As a little girl, I always thought that by the time I reached my twenties I would have everything I ever hoped for. I used to spend hours dreaming about my nonexistent husband, kids, and our beautiful two-story house. I created this imaginary world that I just knew would be my destiny. Part of that came from the fact that my parents were married right after graduating college. They were able to obtain jobs within their field, and start a beautiful life together. I truly believed that my journey into young-adulthood would be a reflection of what my parents experienced when they were younger.
However, that is not the case. I'm currently 22 years old, pursuing my degree, single, and still trying to figure out how to "adult." Nothing is wrong with any of these realities. I'm currently in a period of rediscovering myself. A big part of the journey to rediscovering myself is falling back in love with the things I loved as a child. In my earlier years at the University of Kentucky, I thought I had everything planned out. I thought that I would become a teacher post-graduation, but I eventually realized that my true calling was in the creative world. So now, I'm an aspiring writer and film/tv professional. This realization came from remembering how much I love writing, TV, and movies.
When I wasn't spending time with my head in the clouds as a kid, I was writing in journals and carrying books around with me everywhere I went. Going to the library was like going to an amusement park for me as a kid. And although I was never a fan of the required summer reading I had to complete for school, I begged my parents to let me enter summer reading challenges at our public libraries and bookstores.

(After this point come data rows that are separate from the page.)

lemma four_block_unitary_diag:
  assumes U: "unitary_mat U k"
  defines "U0 \<equiv> four_block_mat (1\<^sub>m 1) (0\<^sub>m 1 k) (0\<^sub>m k 1) U"
  shows "four_block_mat (mat_diag 1 (\<lambda>_. complex_of_real r)) (0\<^sub>m 1 k) (0\<^sub>m k 1)
      (U * mat_diag k (\<lambda>i. complex_of_real (d i)) * mat_adjoint U)
    = U0 * mat_diag (Suc k) (\<lambda>i. complex_of_real (if i = 0 then r else d (i - 1))) * mat_adjoint U0"
proof -
  note U' = unitary_matD[OF U]
  have diag: "mat_diag (Suc k) (\<lambda>i. complex_of_real (if i = 0 then r else d (i - 1)))
      = four_block_mat (mat_diag 1 (\<lambda>_. complex_of_real r)) (0\<^sub>m 1 k) (0\<^sub>m k 1)
          (mat_diag k (\<lambda>i. complex_of_real (d i)))"
    by (intro eq_matI) (auto simp: mat_diag_def)
  have left: "U0 * mat_diag (Suc k) (\<lambda>i. complex_of_real (if i = 0 then r else d (i - 1)))
      = four_block_mat (mat_diag 1 (\<lambda>_. complex_of_real r)) (0\<^sub>m 1 k) (0\<^sub>m k 1)
          (U * mat_diag k (\<lambda>i. complex_of_real (d i)))"
    unfolding U0_def diag using U'(1)
    by (subst mult_four_block_mat[of _ 1 1 _ k _ k _ _ 1 _ k]) (auto simp: mat_diag_def)
  show ?thesis
    unfolding left unfolding U0_def mat_adjoint_four_block_one[OF U'(1)] using U'(1,2)
    by (subst mult_four_block_mat[of _ 1 1 _ k _ k _ _ 1 _ k]) (auto simp: mat_diag_def)
qed

theorem hermitian_mat_unitary_diagonalizable:
  assumes "A \<in> carrier_mat n n" and "hermitian_mat A"
  shows "\<exists>U d. unitary_mat U n \<and> A = U * mat_diag n (\<lambda>i. complex_of_real (d i)) * mat_adjoint U"
  using assms
proof (induction n arbitrary: A)
  case 0
  then show ?case
    by (intro exI[of _ "1\<^sub>m 0"]) (auto simp: unitary_mat_def intro!: eq_matI)
next
  case (Suc k)
  then have A: "A \<in> carrier_mat (Suc k) (Suc k)" and herm: "hermitian_mat A" by auto
  obtain e where "eigenvalue A e"
    using spectrum_non_empty[OF A] unfolding spectrum_def by auto
  then obtain v where v: "v \<in> carrier_vec (Suc k)" "v \<noteq> 0\<^sub>v (Suc k)" and Av: "A *\<^sub>v v = e \<cdot>\<^sub>v v"
    using A unfolding eigenvalue_def eigenvector_def by auto
  obtain W c where W: "unitary_mat W (Suc k)" and W0: "col W 0 = c \<cdot>\<^sub>v v"
    using unitary_mat_first_col_exists[OF v] by blast
  note W' = unitary_matD[OF W]
  define A' where "A' = mat_adjoint W * A * W"
  have A': "A' \<in> carrier_mat (Suc k) (Suc k)" "hermitian_mat A'"
    unfolding A'_def using A herm W'(1,2) hermitian_mat_unitary_conj by auto
  have "A *\<^sub>v col W 0 = e \<cdot>\<^sub>v col W 0"
    unfolding W0 using A v Av by (simp add: mult_mat_vec smult_smult_assoc mult.commute)
  then have col0: "A' $$ (i, 0) = (if i = 0 then e else 0)" if "i < Suc k" for i
    unfolding A'_def using unitary_conj_first_col_eigen[OF A W] that by blast
  define B where "B = mat k k (\<lambda>(i, j). A' $$ (Suc i, Suc j))"
  obtain U d where U: "unitary_mat U k"
    and B: "B = U * mat_diag k (\<lambda>i. complex_of_real (d i)) * mat_adjoint U"
    using Suc.IH[of B] hermitian_mat_first_col_split(1)[OF A' col0] unfolding B_def by auto
  define U0 where "U0 = four_block_mat (1\<^sub>m 1) (0\<^sub>m 1 k) (0\<^sub>m k 1) U"
  define d0 where "d0 = (\<lambda>i. if i = 0 then Re e else d (i - 1))"
  have "A' = U0 * mat_diag (Suc k) (\<lambda>i. complex_of_real (d0 i)) * mat_adjoint U0"
    using hermitian_mat_first_col_split(2)[OF A' col0] four_block_unitary_diag[OF U]
    unfolding U0_def d0_def B_def[symmetric] B by (simp add: if_distrib)
  then have "A = (W * U0) * mat_diag (Suc k) (\<lambda>i. complex_of_real (d0 i)) * mat_adjoint (W * U0)"
    using unitary_conj_cancel[OF W A] unitary_matD[OF unitary_mat_four_block_one[OF U]] W'(1,2)
    unfolding A'_def U0_def
    by (simp add: mat_adjoint_mult[of _ "Suc k" "Suc k" _ "Suc k"]
        assoc_mult_mat[of _ "Suc k" "Suc k" _ "Suc k" _ "Suc k"])
  then show ?case using unitary_mat_mult[OF W unitary_mat_four_block_one[OF U]]
    unfolding U0_def by blast
qed

section \<open>Unitarily diagonalized matrices\<close>

lemma dim_row_mat_diag [simp]: "dim_row (mat_diag n f) = n"
  and dim_col_mat_diag [simp]: "dim_col (mat_diag n f) = n"
  by (simp_all add: mat_diag_def)

lemma mat_diag_mult_vec:
  assumes "x \<in> carrier_vec n"
  shows "mat_diag n f *\<^sub>v x = vec n (\<lambda>i. f i * x $ i :: 'a :: semiring_1)"
  using assms
  by (intro eq_vecI)
    (auto simp: mat_diag_def scalar_prod_def sum.delta if_distrib[of "\<lambda>y. y * _"] cong: if_cong)

lemma mat_diag_pow: "mat_diag n f ^\<^sub>m k = mat_diag n (\<lambda>i. f i ^ k :: 'a :: comm_semiring_1)"
  by (induction k) (auto simp: mult.commute)

lemma one_plus_mat_diag: "1\<^sub>m n + mat_diag n f = mat_diag n (\<lambda>i. 1 + f i :: 'a :: semiring_1)"
  by (intro eq_matI) (auto simp: mat_diag_def)

lemma unitary_conj_mult:
  assumes U: "unitary_mat U n" and D: "D \<in> carrier_mat n n" and E: "E \<in> carrier_mat n n"
  shows "(U * D * mat_adjoint U) * (U * E * mat_adjoint U) = U * (D * E) * mat_adjoint U"
proof -
  note U' = unitary_matD[OF U]
  have "(U * D * mat_adjoint U) * (U * E * mat_adjoint U)
      = U * (D * ((mat_adjoint U * U) * (E * mat_adjoint U)))"
    using U'(1,2) D E by (simp add: assoc_mult_mat[of _ n n _ n _ n])
  then show ?thesis
    using U' D E by (simp add: assoc_mult_mat[of _ n n _ n _ n])
qed

lemma unitary_conj_pow:
  assumes U: "unitary_mat U n" and D: "D \<in> carrier_mat n n"
  shows "(U * D * mat_adjoint U) ^\<^sub>m k = U * (D ^\<^sub>m k) * mat_adjoint U"
proof (induction k)
  case 0
  then show ?case using unitary_matD[OF U] D by simp
next
  case (Suc k)
  then show ?case using unitary_conj_mult[OF U pow_carrier_mat[OF D] D] by simp
qed
section \<open>Gaussian moments of the likelihood terms\<close>

lemma std_normal_density_mult_exp:
  fixes a b x :: real
  shows "std_normal_density x * exp (a * x - b) = exp (a\<^sup>2 / 2 - b) * normal_density a 1 x"
proof -
  have "exp (- x\<^sup>2 / 2) * exp (a * x - b) = exp (a\<^sup>2 / 2 - b) * exp (- (x - a)\<^sup>2 / 2)"
  proof -
    have "- x\<^sup>2 / 2 + (a * x - b) = a\<^sup>2 / 2 - b + (- (x - a)\<^sup>2 / 2)"
      by (simp add: power2_eq_square field_simps)
    then show ?thesis by (simp add: exp_add[symmetric])
  qed
  then show ?thesis unfolding normal_density_def by (simp add: algebra_simps)
qed

lemma (in prob_space) std_normal_exp_affine:
  fixes Z :: "'a \<Rightarrow> real"
  assumes D: "distributed M lborel Z std_normal_density"
  shows "integrable M (\<lambda>\<omega>. exp (a * Z \<omega> - b))" "(\<integral>\<omega>. exp (a * Z \<omega> - b) \<partial>M) = exp (a\<^sup>2 / 2 - b)"
proof -
  have m: "(\<lambda>x. exp (a * x - b)) \<in> borel_measurable lborel" by measurable
  have "integrable lborel (\<lambda>x. std_normal_density x * exp (a * x - b))"
    unfolding std_normal_density_mult_exp by simp
  then show "integrable M (\<lambda>\<omega>. exp (a * Z \<omega> - b))"
    using distributed_integrable[OF D m] by simp
  have "(\<integral>x. std_normal_density x * exp (a * x - b) \<partial>lborel) = exp (a\<^sup>2 / 2 - b)"
    unfolding std_normal_density_mult_exp by simp
  then show "(\<integral>\<omega>. exp (a * Z \<omega> - b) \<partial>M) = exp (a\<^sup>2 / 2 - b)"
    using distributed_integral[OF D m] by simp
qed

locale gaussian_model = finite_chain N P \<pi> \<beta> + prob_space M
  for N P \<pi> \<beta> and M :: "'a measure" +
  fixes X :: "nat \<Rightarrow> nat \<Rightarrow> 'a \<Rightarrow> real"
  assumes indep: "indep_vars (\<lambda>_. borel) (\<lambda>(i, k). X i k) ({1..N} \<times> {1..})"
    and distr: "\<And>i k. i \<in> {1..N} \<Longrightarrow> k \<ge> 1 \<Longrightarrow> distributed M lborel (X i k) std_normal_density"
begin

lemma X_measurable: "i \<in> V \<Longrightarrow> k \<ge> 1 \<Longrightarrow> X i k \<in> borel_measurable M"
  using distributed_measurable[OF distr] by simp

lemma integral_prod_exp_path:
  fixes c d :: "nat \<Rightarrow> real"
  assumes sV: "set s \<subseteq> V"
  shows "integrable M (\<lambda>\<omega>. \<Prod>k<length s. exp (c (s!k) * X (s!k) (Suc k) \<omega> - d (s!k)))"
    "(\<integral>\<omega>. (\<Prod>k<length s. exp (c (s!k) * X (s!k) (Suc k) \<omega> - d (s!k))) \<partial>M)
       = (\<Prod>k<length s. exp ((c (s!k))\<^sup>2 / 2 - d (s!k)))"
proof -
  define g where "g k = (s!k, Suc k)" for k
  define I where "I = g ` {..<length s}"
  define Z where "Z q \<omega> = exp (c (fst q) * (case q of (i,k) \<Rightarrow> X i k) \<omega> - d (fst q))" for q \<omega>
  have inj: "inj_on g {..<length s}" unfolding g_def inj_on_def by auto
  have IV: "I \<subseteq> V \<times> {1..}" unfolding I_def g_def using sV by (auto simp: nth_mem subsetD)
  have ind0: "indep_vars (\<lambda>_. borel)
      (\<lambda>q \<omega>. (\<lambda>x. exp (c (fst q) * x - d (fst q))) ((\<lambda>(i, k). X i k) q \<omega>)) (V \<times> {1..})"
    by (rule indep_vars_compose2[OF indep]) measurable
  have ind: "indep_vars (\<lambda>_. borel) Z I"
    using indep_vars_subset[OF ind0 IV] unfolding Z_def by (simp add: case_prod_beta)
  have intZ: "integrable M (Z q)" and eZ: "(\<integral>\<omega>. Z q \<omega> \<partial>M) = exp ((c (fst q))\<^sup>2 / 2 - d (fst q))"
    if "q \<in> I" for q
  proof -
    obtain i k where q0: "q = (i,k)" by (cases q)
    then have "(i,k) \<in> V \<times> {1..}" using that IV by blast
    then have q: "q = (i,k)" "i \<in> V" "k \<ge> 1" using q0 by auto
    have "Z q = (\<lambda>\<omega>. exp (c i * X i k \<omega> - d i))" unfolding Z_def q by simp
    then show "integrable M (Z q)" "(\<integral>\<omega>. Z q \<omega> \<partial>M) = exp ((c (fst q))\<^sup>2 / 2 - d (fst q))"
      using std_normal_exp_affine[OF distr[OF q(2,3)], of "c i" "d i"] q by simp_all
  qed
  have fin: "finite I" unfolding I_def by simp
  have re: "(\<Prod>k<length s. exp (c (s!k) * X (s!k) (Suc k) \<omega> - d (s!k))) = (\<Prod>q\<in>I. Z q \<omega>)" for \<omega>
    unfolding I_def by (subst prod.reindex[OF inj]) (simp add: Z_def g_def)
  show "integrable M (\<lambda>\<omega>. \<Prod>k<length s. exp (c (s!k) * X (s!k) (Suc k) \<omega> - d (s!k)))"
    unfolding re using indep_vars_integrable[OF fin ind intZ] by simp
  have "(\<integral>\<omega>. (\<Prod>q\<in>I. Z q \<omega>) \<partial>M) = (\<Prod>q\<in>I. \<integral>\<omega>. Z q \<omega> \<partial>M)"
    using indep_vars_lebesgue_integral[OF fin ind intZ] by simp
  also have "\<dots> = (\<Prod>q\<in>I. exp ((c (fst q))\<^sup>2 / 2 - d (fst q)))" using eZ by (intro prod.cong) auto
  also have "\<dots> = (\<Prod>k<length s. exp ((c (s!k))\<^sup>2 / 2 - d (s!k)))"
    unfolding I_def by (subst prod.reindex[OF inj]) (simp add: g_def)
  finally show "(\<integral>\<omega>. (\<Prod>k<length s. exp (c (s!k) * X (s!k) (Suc k) \<omega> - d (s!k))) \<partial>M)
       = (\<Prod>k<length s. exp ((c (s!k))\<^sup>2 / 2 - d (s!k)))" unfolding re .
qed
lemma mem_Nset_window_iff:
  assumes "\<gamma> \<ge> 1" and x: "x \<in> {\<gamma> - 1/2 + real n * \<gamma>..\<gamma> - 1/2 + real (Suc n) * \<gamma>}"
  shows "x \<in> Nset \<gamma> \<longleftrightarrow> coprime (Suc n) (primorial \<gamma>) \<and> \<bar>x - (\<gamma> + real n * \<gamma>)\<bar> < 1/2"
proof
  assume "x \<in> Nset \<gamma>"
  then obtain m where m: "coprime m (primorial \<gamma>)" "\<bar>x - real m * \<gamma>\<bar> < 1/2"
    using mem_Nset_iff by blast
  have Suc_n: "real (Suc n) * \<gamma> = \<gamma> + real n * \<gamma>" by (simp add: algebra_simps)
  have "real m * \<gamma> - real (Suc n) * \<gamma> < \<gamma>" "real (Suc n) * \<gamma> - real m * \<gamma> < \<gamma>"
    using m(2) x Suc_n assms(1) unfolding abs_less_iff atLeastAtMost_iff by linarith+
  then have "real m - real (Suc n) < 1" "real (Suc n) - real m < 1"
    using assms(1) by (simp_all add: left_diff_distrib[symmetric] mult_less_cancel_right2)
  then have "m = Suc n" by linarith
  then show "coprime (Suc n) (primorial \<gamma>) \<and> \<bar>x - (\<gamma> + real n * \<gamma>)\<bar> < 1/2"
    using m Suc_n by simp
next
  assume "coprime (Suc n) (primorial \<gamma>) \<and> \<bar>x - (\<gamma> + real n * \<gamma>)\<bar> < 1/2"
  then show "x \<in> Nset \<gamma>"
    unfolding mem_Nset_iff by (intro exI[of _ "Suc n"]) (simp add: algebra_simps)
qed

section \<open>Densities of sieved multiples\<close>

lemma sets_lebesgue_Nset: "Nset \<gamma> \<in> sets lebesgue"
  using open_Nset[of \<gamma>] by (auto intro: borel_open)
lemma dense_relation_contains_product:
  fixes eps :: real
  assumes "finite S" "finite B" "\<forall>x\<in>S. eps * card B \<le> card {y\<in>B. R x y}"
    and "0 < eps" "eps \<le> 1"
    and large_B: "t * (2 / eps) ^ t \<le> card B" and large_S: "t * (2 / eps) ^ t < card S"
  shows "\<exists>T U. T \<subseteq> B \<and> card T = t \<and> U \<subseteq> S \<and> card U = t \<and> (\<forall>x\<in>U. \<forall>y\<in>T. R x y)"
proof -
  have "2 * t \<le> eps * card B"
  proof (cases "t = 0")
    case False
    then have "2 / eps \<le> (2 / eps) ^ t"
      using \<open>0 < eps\<close> \<open>eps \<le> 1\<close> by (intro self_le_power) auto
    then have "eps * (t * (2 / eps)) \<le> eps * card B"
      using large_B \<open>0 < eps\<close> by (smt (verit) mult_left_mono of_nat_0_le_iff)
    then show ?thesis
      using \<open>0 < eps\<close> by simp
  qed (use \<open>0 < eps\<close> in simp)
  moreover have "eps * card B \<le> card B"
    using \<open>0 < eps\<close> \<open>eps \<le> 1\<close> by (intro mult_left_le_one_le) auto
  ultimately have "real t \<le> eps * card B" "t \<le> card B"
    by linarith+
  from greedy_product_in_relation[OF assms(1-3) this]
  obtain T S' where "T \<subseteq> B" "card T = t" "S' \<subseteq> S" "\<forall>x\<in>S'. \<forall>y\<in>T. R x y"
    and survivors: "card S * (eps * card B - t) ^ t \<le> real (card S') * real (card B) ^ t"
    by blast
  have "real (card B) ^ t > 0"
    using \<open>t \<le> card B\<close> by (cases "t = 0") auto
  have "card S * (eps / 2) ^ t * real (card B) ^ t = card S * (eps * card B / 2) ^ t"
    by (simp add: power_mult_distrib[symmetric] mult.assoc mult.commute)
  also have "\<dots> \<le> card S * (eps * card B - t) ^ t"
    using \<open>2 * t \<le> eps * card B\<close> \<open>0 < eps\<close> by (intro mult_left_mono power_mono) auto
  also have "\<dots> \<le> card S' * real (card B) ^ t"
    by (rule survivors)
  finally have "card S * (eps / 2) ^ t \<le> card S'"
    using \<open>real (card B) ^ t > 0\<close> by (simp add: mult_le_cancel_right_pos)
  moreover have "t = t * (2 / eps) ^ t * (eps / 2) ^ t"
    using \<open>0 < eps\<close> by (simp add: power_mult_distrib[symmetric])
  moreover have "\<dots> < card S * (eps / 2) ^ t"
    using large_S \<open>0 < eps\<close> by (intro mult_strict_right_mono) auto
  ultimately have "t \<le> card S'"
    by linarith
  then obtain U where "U \<subseteq> S'" "card U = t"
    by (meson obtain_subset_with_card_n)
  with \<open>T \<subseteq> B\<close> \<open>card T = t\<close> \<open>S' \<subseteq> S\<close> \<open>\<forall>x\<in>S'. \<forall>y\<in>T. R x y\<close> show ?thesis
    by (intro exI[of _ T] exI[of _ U]) auto
qed
lemma tendsto_resolvent:
  assumes "i \<noteq> n" "b \<noteq> 0"
  shows "((\<lambda>x. resolvent (complex_of_real x) b n i) \<longlongrightarrow> resolvent_lim b n i) (at_right 0)"
proof (rule Lim_transform_eventually)
  show "((\<lambda>x. inverse (complex_of_real x powi (i - n) * t_factor b n - t_factor b i))
      \<longlongrightarrow> resolvent_lim b n i) (at_right 0)"
    using tendsto_inverse_powi_diff_at_right(2)[of "i - n"] assms t_factor_nonzero
    unfolding resolvent_lim_def by auto
  show "\<forall>\<^sub>F x in at_right 0. inverse (complex_of_real x powi (i - n) * t_factor b n - t_factor b i)
      = resolvent (complex_of_real x) b n i"
    using eventually_at_right_less[of "0::real"] by eventually_elim (simp add: resolvent_eq)
qed

definition E_lim_coeff :: "complex \<Rightarrow> int \<Rightarrow> int \<Rightarrow> complex" where
  "E_lim_coeff b n i = (if i = n then 1
     else if n < 0 \<and> n < i \<and> i \<le> -n \<and> even (i - n) then 1 - b\<^sup>2 else 0)"

lemma E_lim_coeff_outside: "i \<notin> lower_exps n \<Longrightarrow> E_lim_coeff b n i = 0"
  unfolding E_lim_coeff_def using lower_exps_neg by auto

lemma sum_odd_function_symmetric:
  fixes g :: "int \<Rightarrow> 'a::field_char_0"
  assumes "\<And>j. g (-j) = - g j"
  shows "(\<Sum>j\<in>{-k..k}. g j) = 0"
proof -
  have "(\<Sum>j\<in>{-k..k}. g j) = (\<Sum>j\<in>{-k..k}. g (-j))"
    by (rule sum.reindex_bij_witness[of _ uminus uminus]) auto
  also have "\<dots> = - (\<Sum>j\<in>{-k..k}. g j)" by (simp add: assms sum_negf)
  finally show ?thesis by simp
qed

text \<open>Antisymmetry of \<open>dd_coeff\<close> in its first argument kills everything except the two
  boundary terms \<open>j = n\<close> and \<open>j = -n\<close>.\<close>
lemma sum_E_lim_coeff_dd_coeff:
  assumes n: "n < 0" and i: "n < i" "i \<le> -n"
  shows "(\<Sum>j\<in>{n..-n} - {i}. E_lim_coeff b n j * dd_coeff j (-i)) =
    (if even (i - n) then (if 0 < i then 1 else b\<^sup>2) else 0)"
proof -
  define g where "g j = (if even (j - n) then dd_coeff j (-i) else 0)" for j
  have dd_n: "dd_coeff n (-i) = (if even (i - n) then 1 else 0)"
  proof -
    have "even (i - n) \<Longrightarrow> n + 2 \<le> i" using i by presburger
    moreover have "even (-i + n) = even (i - n)" by presburger
    ultimately show ?thesis unfolding dd_coeff_def using n i by auto
  qed
  have "{n..-n} - {i} = insert n ({n<..-n} - {i})" using i by auto
  then have "(\<Sum>j\<in>{n..-n} - {i}. E_lim_coeff b n j * dd_coeff j (-i)) =
      dd_coeff n (-i) + (\<Sum>j\<in>{n<..-n} - {i}. E_lim_coeff b n j * dd_coeff j (-i))"
    by (simp add: E_lim_coeff_def)
  also have "(\<Sum>j\<in>{n<..-n} - {i}. E_lim_coeff b n j * dd_coeff j (-i)) =
      (\<Sum>j\<in>{n<..-n} - {i}. (1 - b\<^sup>2) * g j)"
    by (intro sum.cong) (auto simp: E_lim_coeff_def g_def n)
  also have "(\<Sum>j\<in>{n<..-n} - {i}. (1 - b\<^sup>2) * g j) = (1 - b\<^sup>2) * ((\<Sum>j\<in>{n<..-n}. g j) - g i)"
    using i by (simp add: sum_distrib_left[symmetric] sum_diff1)
  also have "(\<Sum>j\<in>{n<..-n}. g j) = g (-n) + (\<Sum>j\<in>{-(-n-1)..-n-1}. g j)"
  proof -
    have "{n<..-n} = insert (-n) {-(-n-1)..-n-1}" using n by auto
    then show ?thesis by simp
  qed
  also have "(\<Sum>j\<in>{-(-n-1)..-n-1}. g j) = 0"
  proof (rule sum_odd_function_symmetric)
    fix j
    have "even (-j - n) = even (j - n)" by presburger
    then show "g (-j) = - g j" unfolding g_def by (simp add: dd_coeff_uminus)
  qed
  also have "g (-n) = - (if even (i - n) then 1 else 0)"
    unfolding g_def using dd_n dd_coeff_uminus[of n "-i"] by simp
  also have "g i = (if even (i - n) \<and> 0 < i then -1 else 0)"
    unfolding g_def dd_coeff_def by (auto simp: sgn_if)
  finally show ?thesis using dd_n by (auto simp: algebra_simps)
qed

lemma E_lim_coeff_recursion:
  assumes i: "i \<in> lower_exps n - {n}" and b: "b \<noteq> 0"
  shows "E_lim_coeff b n i =
    (b - inverse b) * (\<Sum>j\<in>lower_exps n - {i}. E_lim_coeff b n j * dd_coeff j (-i)) * resolvent_lim b n i"
proof (cases "0 \<le> n")
  case True
  then show ?thesis
    using lower_exps_nonneg[OF True i] i by (simp add: resolvent_lim_def E_lim_coeff_def)
next
  case False
  then have n: "n < 0" by simp
  have i': "n < i" "i \<le> -n" using i lower_exps_neg[OF n] by auto
  show ?thesis
    unfolding lower_exps_neg[OF n] sum_E_lim_coeff_dd_coeff[OF n i'] using n i' b
    by (auto simp: resolvent_lim_def E_lim_coeff_def t_factor_def field_simps power2_eq_square)
qed

lemma eventually_Emac_recursion:
  assumes "b \<noteq> 0"
  shows "\<forall>\<^sub>F x in at_right 0. ks (Emac (complex_of_real x) b n) \<subseteq> lower_exps n \<and>
    lk (Emac (complex_of_real x) b n) n = 1 \<and>
    (\<forall>i\<in>lower_exps n - {n}. lk (Emac (complex_of_real x) b n) i =
       recursion_rhs (complex_of_real x) b n (lk (Emac (complex_of_real x) b n)) i)"
  using eventually_eig_separated[OF assms, of n]
  by eventually_elim (use isE_Emac isE_iff_recursion in blast)

lemma tendsto_lookup_Emac:
  assumes b: "b \<noteq> 0"
  shows "((\<lambda>x. lk (Emac (complex_of_real x) b n) i) \<longlongrightarrow> E_lim_coeff b n i) (at_right 0)"
proof -
  define G where "G x = Emac (complex_of_real x) b n" for x
  have G: "\<forall>\<^sub>F x in at_right 0. ks (G x) \<subseteq> lower_exps n \<and> lk (G x) n = 1 \<and>
      (\<forall>i\<in>lower_exps n - {n}. lk (G x) i = recursion_rhs (complex_of_real x) b n (lk (G x)) i)"
    using eventually_Emac_recursion[OF b] unfolding G_def .
  have "((\<lambda>x. lk (G x) i) \<longlongrightarrow> E_lim_coeff b n i) (at_right 0)"
  proof (induction i rule: lower_exps_induct[of n])
    case (1 i)
    consider "i \<notin> lower_exps n" | "i = n" | "i \<in> lower_exps n - {n}" by blast
    then show ?case
    proof cases
      case outside: 1
      have "\<forall>\<^sub>F x in at_right 0. lk (G x) i = 0"
        using G by eventually_elim (use outside in \<open>auto simp: in_keys_iff\<close>)
      then show ?thesis using E_lim_coeff_outside[OF outside] tendsto_eventually by auto
    next
      case 2
      have "\<forall>\<^sub>F x in at_right 0. lk (G x) i = 1"
        using G by eventually_elim (use 2 in simp)
      then show ?thesis using 2 tendsto_eventually by (auto simp: E_lim_coeff_def)
    next
      case lower: 3
      have summand: "((\<lambda>x. lk (G x) j * dd_coeff j (-i)) \<longlongrightarrow> E_lim_coeff b n j * dd_coeff j (-i))
          (at_right 0)" if "j \<in> lower_exps n - {i}" for j
      proof (cases "dd_coeff j (-i) = 0")
        case False
        then have "exp_rank i < exp_rank j" using dd_coeff_triangular[of j i] that by auto
        then show ?thesis using 1[of j] that by (intro tendsto_mult[OF _ tendsto_const]) auto
      qed simp
      have "((\<lambda>x. recursion_rhs (complex_of_real x) b n (lk (G x)) i) \<longlongrightarrow>
          (b - inverse b) * (\<Sum>j\<in>lower_exps n - {i}. E_lim_coeff b n j * dd_coeff j (-i))
            * resolvent_lim b n i) (at_right 0)"
        unfolding recursion_rhs_def using summand lower b
        by (intro tendsto_mult[OF tendsto_mult[OF tendsto_const tendsto_sum] tendsto_resolvent]) auto
      moreover have "\<forall>\<^sub>F x in at_right 0.
          recursion_rhs (complex_of_real x) b n (lk (G x)) i = lk (G x) i"
        using G by eventually_elim (use lower in simp)
      ultimately show ?thesis
        unfolding E_lim_coeff_recursion[OF lower b] by (rule Lim_transform_eventually)
    qed
  qed
  then show ?thesis unfolding G_def .
qed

In high school, I wrote part of a young-adult fiction novel with my cousin, but other than the occasional journal entry here and there, I strayed away from something I really loved doing. In the back of my mind, I was always wanting to write again. I slowly started to write small pieces on topics of interest outside of required assignments for my creative writing classes. I started this to try to get back to doing something I love, writing. Last summer I had the opportunity to write stories for Goodwill of Central & Southern Indiana, this provided me with the opportunity to start writing again. After leaving the position and returning to campus, I got distracted by schoolwork and other things in life. As a result, I stopped pursuing what I truly love to do.
However, after I was given the opportunity to write for The Odyssey, I realized that I have to get back to doing what I love to do. In every aspect of life. I have multiple ideas for books and screenplays I'm hoping to pursue within the next couple of months. In my journey to rediscover Rana, I remembered that I've always loved art and drawing, so I recently started getting into digital art and creating laptop stickers in a Redbubble shop. I also plan to revamp my podcast, Glowing Hope, and start releasing new episodes.
Overall, I said all of this to say, that it's never too late to start pursuing interests you're passionate about. Don't ever let anyone think that what you're interested in isn't worth going after. Using the talent God has given you to create is one of the most freeing and inspiring things anyone can do. So, if you find yourself in a creative rut, just start thinking about all the things you love and figure out how you can start creating again.